A rich and rewarding spy thriller featuring an all-star cast, Our Kind of Traitor focuses on the Russian mafia and money laundering in the UK.

A British university lecturer, Perry (Ewan McGregor), and his lawyer wife, Gail (Naomie Harris), are having their issues after being married for a decade or more. They take a break to Marrakech to try to reconnect and that is where McGregor is befriended by a flamboyant, gregarious and charismatic Russian, Dima (Stellan Skarsgård). Dima invites Perry to lavish parties and to play tennis. Unbeknown to Perry though, Dima is a kingpin in a Russian money laundering operation who wants to defect with his family to the UK. Before Perry and Gail leave Morocco to head home, Dima prevails upon his new mate to deliver some classified material to MI6 via a USB drive.

Naively, Perry agrees and before you know it he and Gail become ensnared in a dangerous world of international espionage, dirty politics and murder. The man pulling the strings is Hector (Damian Lewis), a determined but poorly resourced MI6 agent with his own axe to grind. Perry and Gail’s perilous journey takes them through Paris and Bern to the French Alps. At stake are not only billions of dollars, but the safety of Dima’s family.

Our Kind of Traitor is based upon a novel by spy writer extraordinaire John le Carré (the mind behind Tinker Tailor Solider Spy) and has been written for the screen by Hossein Amini (The Two Faces of January). Amini worked closely with le Carré on the first couple of drafts. “I would write and he’d give me notes,” says Amini of their collaboration. “One of the themes of le Carré’s work is that Britain has almost declined as a world power, but we still have these British values that come from a time when Britain was on top of the world and had a moral responsibility,” Amini says. “As that power has waned, that morality has turned into something far more like compromise. He is very interested in the impact of the decline of British power on a moral system. That’s what our film is about.”

It is directed by two-time Emmy nominee Susanna White (Nanny McPhee and the Big Bang).

Damian Lewis is right when he says this is as much a character piece as it is a suspenseful thriller. “It’s not a ‘who done it’, it’s more of a ‘can they do it?’” he suggests Le Carré’s characters have long been engrained in the public imagination as the crumpled, cynical counterparts to the polished dash of James Bond.
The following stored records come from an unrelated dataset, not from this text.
abbreviation unif01 :: "real measure" where
  "unif01 \<equiv> uniform_measure lborel {0<..1}"

lemma prob_space_unif01: "prob_space unif01"
  by (rule prob_space_uniform_measure) auto

lemma emeasure_unif01_avoid_window:
  assumes "0 \<le> t" "t < y" "y \<le> 1"
  shows "emeasure unif01 (- {y - t..<y}) = ennreal (1 - t)"
proof -
  have "emeasure unif01 (- {y - t..<y}) = emeasure lborel ({0<..1} - {y - t..<y})"
    by (simp add: Diff_eq divide_ennreal_def)
  also have "\<dots> = emeasure lborel {0<..1::real} - emeasure lborel {y - t..<y}"
    using assms by (intro emeasure_Diff) auto
  also have "\<dots> = ennreal (1 - t)"
    using assms ennreal_minus[of t 1] by simp
  finally show ?thesis .
qed

lemma emeasure_PiM_unif01_avoid_window:
  assumes "finite I" "0 \<le> t" "t < y" "y \<le> 1"
  shows "emeasure (PiM I (\<lambda>_. unif01)) (PiE I (\<lambda>_. - {y - t..<y})) = ennreal ((1 - t) ^ card I)"
proof -
  interpret product_sigma_finite "\<lambda>_ :: 'i. unif01"
    by (simp add: product_sigma_finite_def prob_space_imp_sigma_finite prob_space_unif01)
  have "emeasure (PiM I (\<lambda>_. unif01)) (PiE I (\<lambda>_. - {y - t..<y}))
      = (\<Prod>i\<in>I. emeasure unif01 (- {y - t..<y}))"
    using assms(1) by (rule emeasure_PiM) simp
  also have "\<dots> = ennreal ((1 - t) ^ card I)"
    unfolding emeasure_unif01_avoid_window[OF assms(2-4)] prod_constant
    using assms by (simp add: ennreal_power)
  finally show ?thesis .
qed

lemma emeasure_unif01_greater:
  assumes "0 \<le> t" "t \<le> 1"
  shows "emeasure unif01 {t<..} = ennreal (1 - t)"
proof -
  have "{0<..1} \<inter> {t<..} = {t<..1::real}"
    using assms by auto
  then show ?thesis
    using assms by (simp add: divide_ennreal_def)
qed
(* Let $\alpha\ge0$ and let $X$ be a homogeneous Poisson point process in $\mathbb R^d$ of intensity $1$ with distribution $\mathbb P$. For $\varphi\in\mathbf N_o$ let $$\xi_{\rm RN}(\varphi)=\frac12\sum_{x\in\varphi:\ \varphi\cap B_{|x|}(o)\cap B_{|x|}(x)=\emptyset}|x|^\alpha.$$ Then $\xi_{\rm RN}$ is weakly decreasing, i.e., there exists $k\ge1$ such that $$\mathbb P\big(\#\{y\in X:\ \xi_{\rm RN}(X\cup\{o\}-y)>\xi_{\rm RN}(X-y)\}\le k\big)=1.$$
   Context: $\mathbf N_o$ denotes the locally finite point configurations in $\mathbb R^d$ containing the origin $o$; $B_r(z)$ is the open Euclidean ball of radius $r$ around $z$; $\varphi-y$ denotes the configuration shifted by $-y$. $\xi_{\rm RN}$ is the score function of the sum of $\alpha$-power-weighted edge lengths at the origin in the relative neighborhood graph. *)

theory Defs
  imports "HOL-Probability.Probability"
begin

definition locally_finite_cfg :: "'a::euclidean_space set \<Rightarrow> bool" where
  "locally_finite_cfg \<phi> \<longleftrightarrow> (\<forall>K. bounded K \<longrightarrow> finite (\<phi> \<inter> K))"

definition shift_cfg :: "'a::euclidean_space set \<Rightarrow> 'a \<Rightarrow> 'a set" where
  "shift_cfg \<phi> y = (\<lambda>x. x - y) ` \<phi>"

definition xi_RN :: "real \<Rightarrow> 'a::euclidean_space set \<Rightarrow> ennreal" where
  "xi_RN \<alpha> \<phi> = ennreal (1/2) *
     (\<integral>\<^sup>+ x. ennreal (norm x powr \<alpha>)
        \<partial>count_space {x \<in> \<phi>. \<phi> \<inter> ball 0 (norm x) \<inter> ball x (norm x) = {}})"

definition poisson_pp :: "'w measure \<Rightarrow> ('w \<Rightarrow> 'a::euclidean_space set) \<Rightarrow> bool" where
  "poisson_pp M X \<longleftrightarrow>
     prob_space M \<and>
     (\<forall>\<omega>\<in>space M. locally_finite_cfg (X \<omega>)) \<and>
     (\<forall>B. B \<in> sets lborel \<and> bounded B \<longrightarrow>
        (\<lambda>\<omega>. card (X \<omega> \<inter> B)) \<in> measurable M (count_space UNIV) \<and>
        (\<forall>n::nat. measure M {\<omega>\<in>space M. card (X \<omega> \<inter> B) = n}
                   = exp (- measure lborel B) * measure lborel B ^ n / fact n)) \<and>
     (\<forall>(I::nat set) B. finite I \<and> (\<forall>i\<in>I. B i \<in> sets lborel \<and> bounded (B i)) \<and>
        disjoint_family_on B I \<longrightarrow>
        prob_space.indep_vars M (\<lambda>_. count_space UNIV) (\<lambda>i \<omega>. card (X \<omega> \<inter> B i)) I)"

end

theory Submission
  imports Defs
begin

(* If inserting o raises the score at y, then in the relative neighbourhood graph of (X u {o}) - y
   the new point o - y is a neighbour of the origin: inserting a point that is not itself a
   neighbour can only remove neighbours. Translating back, the lune B_|y|(o) n B_|y|(y) contains no
   point of X, i.e. y is a neighbour of o in X u {o}. If the points of X have pairwise distinct
   norms, two such neighbours x, y with |x| < |y| satisfy |x - y| >= |y|, so they subtend an angle
   of at least pi/3 at o; their directions are 1-separated points of the unit sphere, and a grid
   of mesh 1/d shows that there are at most (2d+1)^d of them. Distinct norms hold almost surely:
   two points of equal norm below R lie in one of n concentric shells of volume O(1/n), and a
   Poisson process puts two points into a set of volume v with probability at most v^2, so a tie
   has probability O(1/n) for every n. *)

definition lune :: "'a::euclidean_space \<Rightarrow> 'a set" where
  "lune x = ball 0 (norm x) \<inter> ball x (norm x)"

definition rng_neighbours :: "'a::euclidean_space set \<Rightarrow> 'a set" where
  "rng_neighbours \<phi> = {x \<in> \<phi>. \<phi> \<inter> lune x = {}}"

lemma xi_RN_eq_rng_neighbours:
  "xi_RN \<alpha> \<phi> = ennreal (1/2) * (\<integral>\<^sup>+ x. ennreal (norm x powr \<alpha>) \<partial>count_space (rng_neighbours \<phi>))"
  by (simp add: xi_RN_def rng_neighbours_def lune_def Int_assoc)

lemma xi_RN_mono_rng_neighbours:
  assumes "rng_neighbours \<phi> \<subseteq> rng_neighbours \<psi>"
  shows "xi_RN \<alpha> \<phi> \<le> xi_RN \<alpha> \<psi>"
proof -
  have "(\<integral>\<^sup>+ x. ennreal (norm x powr \<alpha>) \<partial>count_space (rng_neighbours \<phi>))
      \<le> (\<integral>\<^sup>+ x. ennreal (norm x powr \<alpha>) \<partial>count_space (rng_neighbours \<psi>))"
    using assms by (subst (1 2) nn_integral_count_space_indicator)
      (auto simp: NO_MATCH_def intro!: nn_integral_mono split: split_indicator)
  then show ?thesis
    by (simp add: xi_RN_eq_rng_neighbours mult_left_mono)
qed

lemma score_increase_imp_rng_neighbour:
  fixes X :: "'a::euclidean_space set"
  assumes "y \<in> X" and "xi_RN \<alpha> (shift_cfg (insert 0 X) y) > xi_RN \<alpha> (shift_cfg X y)"
  shows "y \<in> rng_neighbours (insert 0 X) - {0}"
proof -
  have "y \<noteq> 0"
    using assms by (metis insert_absorb order_less_irrefl)
  have shift_insert: "shift_cfg (insert 0 X) y = insert (- y) (shift_cfg X y)"
    by (simp add: shift_cfg_def)
  have "- y \<in> rng_neighbours (insert (- y) (shift_cfg X y))"
  proof (rule ccontr)
    assume "- y \<notin> rng_neighbours (insert (- y) (shift_cfg X y))"
    then have "rng_neighbours (insert (- y) (shift_cfg X y)) \<subseteq> rng_neighbours (shift_cfg X y)"
      by (auto simp: rng_neighbours_def)
    then show False
      using xi_RN_mono_rng_neighbours assms(2) shift_insert by (metis leD)
  qed
  then have "shift_cfg X y \<inter> lune (- y) = {}"
    by (simp add: rng_neighbours_def)
  then have "X \<inter> lune y = {}"
    by (auto simp: shift_cfg_def lune_def dist_norm norm_minus_commute)
  moreover have "0 \<notin> lune y"
    by (simp add: lune_def)
  ultimately show ?thesis
    using assms(1) \<open>y \<noteq> 0\<close> by (auto simp: rng_neighbours_def)
qed
lemma emeasure_aux_law_short:
  "emeasure (aux_law eta p rule n m) {(\<eta>, xs). length xs < m} =
    (\<integral>\<^sup>+y. extinction_prob eta p n rule ((\<lambda>_. 0)(0 := y)) 0 m (replicate_mset (Suc y) 0, {0}) \<partial>eta)"
proof -
  let ?F = "\<lambda>\<eta> y. emeasure (aux_traj p n rule \<eta> 0 m (replicate_mset (Suc y) 0, {0})) {xs. length xs < m}"
  have "emeasure (aux_law eta p rule n m) {(\<eta>, xs). length xs < m} =
      (\<integral>\<^sup>+h. ?F (override_on h (\<lambda>_. 0) {}) (h 0) \<partial>Pi_pmf ({..n} - {}) 0 (\<lambda>_. eta))"
    unfolding aux_law_def by (simp add: vimage_def aux_init_def)
  also have "\<dots> = (\<integral>\<^sup>+y. extinction_prob eta p n rule ((\<lambda>_. 0)(0 := y)) 0 m
      (replicate_mset (Suc y) 0, {0}) \<partial>eta)"
    using nn_integral_Pi_pmf_reveal[where A = "{..n}" and v = 0 and V = "{}" and F = ?F and g = "\<lambda>_. 0"]
    by (simp add: extinction_prob_def)
  finally show ?thesis .
qed
section \<open>Desubstitution\<close>

text \<open>The final 0 may be missing only if \<open>w\<close> ends in a nonzero letter, which in \<open>t\<close> is
  always followed by 0.\<close>
definition desubst :: "nat list \<Rightarrow> nat list \<Rightarrow> bool" where
  "desubst w' w \<longleftrightarrow> w = trib_apply w' @ [0] \<or> w = trib_apply w' \<and> last w \<noteq> 0"

lemma desubstitute:
  assumes "occurs_at w p" "w \<noteq> []" "hd w = 0"
  obtains q w' where "p = img_pos 1 q" "occurs_at w' q" "desubst w' w"
proof -
  obtain q where q: "p = img_pos 1 q"
    using occurs_at_hd[OF assms(1,2)] assms(3) tribonacci_eq_0_iff by auto
  have w: "w = map tribonacci [p..<p + length w]"
    using assms(1) by (simp add: occurs_at_def)
  have last: "tribonacci (p + length w - 1) = last w"
    by (rule occurs_at_last[OF assms(1,2)])
  obtain q' where q': "p + length w - (if last w = 0 then 1 else 0) = img_pos 1 q'"
    using last assms(2) tribonacci_eq_0_iff tribonacci_nonzero_Suc[of "p + length w - 1"]
    by (cases "last w = 0") auto
  have "p \<le> img_pos 1 q'"
    using q' assms(2) by (cases w) (auto split: if_splits)
  then have "q \<le> q'"
    using q strict_mono_less_eq[OF strict_mono_img_pos] by auto
  then have image: "map tribonacci [p..<p + length w - (if last w = 0 then 1 else 0)]
      = trib_apply (map tribonacci [q..<q'])"
    unfolding q' unfolding q by (rule tribonacci_segment)
  have "desubst (map tribonacci [q..<q']) w"
  proof (cases "last w = 0")
    case True
    have "[p..<p + length w] = [p..<p + length w - 1] @ [p + length w - 1]"
      using assms(2) by (cases w) simp_all
    with w image last True show ?thesis
      by (simp add: desubst_def)
  next
    case False
    with w image show ?thesis
      by (simp add: desubst_def)
  qed
  with q \<open>q \<le> q'\<close> occurs_at_map_tribonacci[of q "q' - q"] show ?thesis
    by (intro that) auto
qed

lemma desubst_last:
  assumes "desubst w' w" "w = trib_apply w'" "w' \<noteq> []"
  shows "last w' \<noteq> 2"
proof
  assume "last w' = 2"
  with assms(3) have "last (trib_apply w') = 0"
    by (simp add: last_trib_apply)
  with assms(1,2) show False
    by (simp add: desubst_def)
qed

lemma occurs_at_desubst:
  assumes "desubst w' w" "w' \<noteq> []"
  shows "occurs_at w p \<longleftrightarrow> occurs_at (trib_apply w' @ [0]) p"
  using assms(1) unfolding desubst_def
proof
  assume "w = trib_apply w' \<and> last w \<noteq> 0"
  moreover from this have "w \<noteq> []"
    using assms(2) by simp
  ultimately have "occurs_at w p \<longleftrightarrow> occurs_at (w @ [0]) p"
    using occurs_at_snoc_0[of w p] occurs_at_append[of w "[0]" p] by blast
  with \<open>w = trib_apply w' \<and> last w \<noteq> 0\<close> show ?thesis
    by simp
qed simp

lemma occurs_at_desubst_img_pos:
  assumes "desubst w' w" "w' \<noteq> []" "\<forall>a\<in>set w'. a < 3"
  shows "occurs_at w p \<longleftrightarrow> (\<exists>q. p = img_pos 1 q \<and> occurs_at w' q)"
proof
  assume "occurs_at w p"
  then have occ: "occurs_at (trib_apply w' @ [0]) p"
    using occurs_at_desubst[OF assms(1,2)] by simp
  obtain u where "trib_apply w' @ [0] = 0 # u"
    using trib_apply_snoc_0 by blast
  with occ obtain q where "p = img_pos 1 q"
    using tribonacci_eq_0_iff by (auto simp: occurs_at_Cons)
  with occ show "\<exists>q. p = img_pos 1 q \<and> occurs_at w' q"
    using occurs_at_trib_apply_iff[OF assms(3)] by auto
next
  assume "\<exists>q. p = img_pos 1 q \<and> occurs_at w' q"
  then show "occurs_at w p"
    using occurs_at_trib_apply occurs_at_desubst[OF assms(1,2)] by auto
qed

lemma length_desubst_less:
  assumes "desubst w' w" "w' \<noteq> []" "\<forall>a\<in>set w'. a < 3"
  shows "length w' < length w"
proof (cases "w = trib_apply w'")
  case True
  then have "last w' \<in> set (filter (\<lambda>a. a \<noteq> 2) w')"
    using desubst_last[OF assms(1)] assms(2) by simp
  then have "0 < length (filter (\<lambda>a. a \<noteq> 2) w')"
    by (rule length_pos_if_in_set)
  with True show ?thesis
    using length_trib_apply[OF assms(3)] by simp
next
  case False
  with assms(1) show ?thesis
    using length_trib_apply_ge[of w'] by (auto simp: desubst_def)
qed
For the filmmakers, the job at hand was to craft a feature to fit into the le Carré canon and also to stand out within it.

Like a Bond movie, Our Kind of Traitor features a number of exotic locales, but it feels far more real. Skarsgård is one of the standouts as Dima – a man full of bravado, but on edge about his family’s future. His is a “look at me” performance, purporting to show strength, but carrying vulnerability by virtue of his family’s wellbeing, which is imperiled.  Damian Lewis is equally impressive as Hector, the Englishman with strong moral fibre who goes outside the system to do what he feels is right. He is the proper English gentleman, immaculately spoken and turned out, who is not afraid to upset the establishment. McGregor and Harris play their parts too as the ordinary citizens caught up in extraordinary events … and going far beyond their call of duty.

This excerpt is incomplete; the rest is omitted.